Wednesday 13th August 2014
quotequote all
Right - for a variety of reasons, I would really like to get some additional cool airflow into and through the engine bay.

Have been kicking around the pros and cons of ducting air from the nose void via an inverted NACA duct, or even a pair, let into the horizontal panel that sits in front of the radiator top. Essentially, the duct(s) would funnel air up and over the rad; hopefully without overly robbing flow through the rad (and charge cooler secondary also in there) or, more importantly, without creating turbulence that prevents air penetrating the two sets of cores.

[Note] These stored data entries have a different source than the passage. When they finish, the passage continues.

lemma tendsto_unit_vector_if_inner_tendsto_1:
  fixes g :: "'b \<Rightarrow> 'a::real_inner"
  assumes u: "norm u = 1" and g: "\<And>n. norm (g n) \<le> 1"
    and lim: "((\<lambda>n. g n \<bullet> u) \<longlongrightarrow> 1) F"
  shows "(g \<longlongrightarrow> u) F"
proof (rule LIM_zero_cancel, rule Lim_null_comparison)
  have "norm (g n - u) ^ 2 \<le> 2 - 2 * (g n \<bullet> u)" for n
  proof -
    have "norm (g n - u) ^ 2 = norm (g n) ^ 2 - 2 * (g n \<bullet> u) + norm u ^ 2"
      by (simp add: power2_norm_eq_inner inner_diff_left inner_diff_right inner_commute)
    then show ?thesis
      using g[of n] u by (simp add: power_le_one)
  qed
  then show "eventually (\<lambda>n. norm (g n - u) \<le> sqrt (2 - 2 * (g n \<bullet> u))) F"
    by (intro always_eventually allI real_le_rsqrt)
  show "((\<lambda>n. sqrt (2 - 2 * (g n \<bullet> u))) \<longlongrightarrow> 0) F"
    using tendsto_real_sqrt[OF tendsto_diff[OF tendsto_const tendsto_mult[OF tendsto_const lim]],
        of 2 2] by simp
qed

lemma tendsto_grad_conj_ball_along_ray:
  fixes \<psi> :: "'a::euclidean_space \<Rightarrow> real" and t :: "'b \<Rightarrow> real"
  assumes cvx: "convex_on (ball 0 1) \<psi>" and u1: "norm u = 1"
    and t: "filterlim t at_top F"
    and diff: "\<And>n. conj_ball \<psi> differentiable (at (t n *\<^sub>R u))"
  shows "((\<lambda>n. grad (conj_ball \<psi>) (t n *\<^sub>R u)) \<longlongrightarrow> u) F"
proof -
  define \<phi> where "\<phi> = conj_ball \<psi>"
  define g where "g n = grad \<phi> (t n *\<^sub>R u)" for n
  have cvx\<phi>: "convex_on UNIV \<phi>"
    unfolding \<phi>_def by (rule convex_on_conj_ball[OF cvx])
  have der: "(\<phi> has_derivative (\<lambda>h. g n \<bullet> h)) (at (t n *\<^sub>R u))" for n
    unfolding g_def \<phi>_def by (rule has_derivative_grad[OF diff])
  have g_norm: "norm (g n) \<le> 1" for n
    using norm_le_one_if_has_derivative_1_lipschitz[OF cvx\<phi> der]
      conj_ball_le_add_norm[OF cvx] by (simp add: \<phi>_def)
  have lower_lim: "((\<lambda>n. \<phi> (t n *\<^sub>R u) / t n - \<phi> 0 / t n) \<longlongrightarrow> 1) F"
    using tendsto_diff[OF filterlim_compose[OF conj_ball_ray_asymptotic[OF cvx u1] t]
        tendsto_divide_0[OF tendsto_const filterlim_at_top_imp_at_infinity[OF t]]]
    by (simp add: \<phi>_def)
  have "eventually (\<lambda>n. 0 < t n) F"
    using t by (simp add: filterlim_at_top_dense)
  then have lower: "eventually (\<lambda>n. \<phi> (t n *\<^sub>R u) / t n - \<phi> 0 / t n \<le> g n \<bullet> u) F"
  proof eventually_elim
    case (elim n)
    have "\<phi> (t n *\<^sub>R u) - \<phi> 0 \<le> t n * (g n \<bullet> u)"
      using convex_on_above_tangent_inner[OF cvx\<phi> der[of n], of 0] by simp
    then show ?case
      using elim by (simp add: field_simps)
  qed
  have upper: "g n \<bullet> u \<le> 1" for n
    using norm_cauchy_schwarz[of "g n" u] g_norm[of n] u1 by simp
  have "((\<lambda>n. g n \<bullet> u) \<longlongrightarrow> 1) F"
    by (rule tendsto_sandwich[OF lower always_eventually[OF allI[OF upper]] lower_lim tendsto_const])
  then show ?thesis
    unfolding \<phi>_def[symmetric] g_def[symmetric]
    by (rule tendsto_unit_vector_if_inner_tendsto_1[OF u1 g_norm])
qed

Seems to me it has the benefit of taking air from a notionally high pressure source where a boundary layer might just exist, whilst being hidden under the bonnet - not really wanting visible scoops or ducts on open show. Possible downsides are any prejudicing of the cooling system (I'm figuring loads of air 'leaks' around the sides of the rad anyway and that leakage probably serves to pull flow through the cores), and the potential for weather and debris ingress into the engine bay (the duct would be above/behind and shielded by the bonnet lip profile).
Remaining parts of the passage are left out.